Records from a data collection
lemma saddle_value_finite:
  assumes xs: "\<forall>i\<in>{1..q}. inR (n i) (xs i)"
    and min: "\<And>xx. \<forall>i\<in>{1..q}. inR (n i) (xx i) \<Longrightarrow> lagrangian xs ys \<le> lagrangian xx ys"
    and i: "i \<in> {1..q}"
  shows "\<bar>f i (xs i)\<bar> \<noteq> \<infinity>"
proof -
  obtain w where w: "\<And>i. i \<in> {1..q} \<Longrightarrow> inR (n i) (w i) \<and> f i (w i) \<noteq> \<infinity>"
    using f_proper unfolding proper_fn_def by metis
  then have "lagrangian w ys \<noteq> \<infinity>" unfolding lagrangian_def by (simp add: sum_Pinfty)
  then have "lagrangian xs ys \<noteq> \<infinity>" using min[of w] w by auto
  then have "f i (xs i) \<noteq> \<infinity>" using i unfolding lagrangian_def by (auto simp: sum_Pinfty)
  then show ?thesis using f_neq_minf[OF i] xs i by auto
qed

lemma saddle_feasible:
  assumes fin: "\<forall>i\<in>{1..q}. \<bar>f i (xs i)\<bar> \<noteq> \<infinity>"
    and max: "\<And>yy. inR p yy \<Longrightarrow> lagrangian xs yy \<le> lagrangian xs ys"
    and r: "r < p"
  shows "Ax xs r = c r"
proof -
  define res where "res r = Ax xs r - c r" for r
  define yy where "yy r = (if r < p then ys r + res r else 0)" for r
  obtain F where F: "(\<Sum>i\<in>{1..q}. f i (xs i)) = ereal F"
    using sum_ereal_real[of "{1..q}" "\<lambda>i. f i (xs i)"] fin by auto
  have "inR p yy" unfolding yy_def inR_def by simp
  then have "vinner p yy res \<le> vinner p ys res"
    using max[of yy] unfolding lagrangian_def res_def F by simp
  moreover have "vinner p yy res = vinner p ys res + vinner p res res"
    unfolding yy_def vinner_def by (simp add: algebra_simps sum.distrib)
  ultimately have "vinner p res res \<le> 0" by simp
  from coord_eq_0_if_vinner_self_le_0[OF this r] show ?thesis unfolding res_def by simp
qed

■ **What is expected**: Review the entries above and return every line where "have" appears.

■ **Solution to the problem**:
  then have "lagrangian w ys \<noteq> \<infinity>" unfolding lagrangian_def by (simp add: sum_Pinfty)
  then have "lagrangian xs ys \<noteq> \<infinity>" using min[of w] w by auto
  then have "f i (xs i) \<noteq> \<infinity>" using i unfolding lagrangian_def by (auto simp: sum_Pinfty)
  have "inR p yy" unfolding yy_def inR_def by simp
  then have "vinner p yy res \<le> vinner p ys res"
  moreover have "vinner p yy res = vinner p ys res + vinner p res res"
  ultimately have "vinner p res res \<le> 0" by simp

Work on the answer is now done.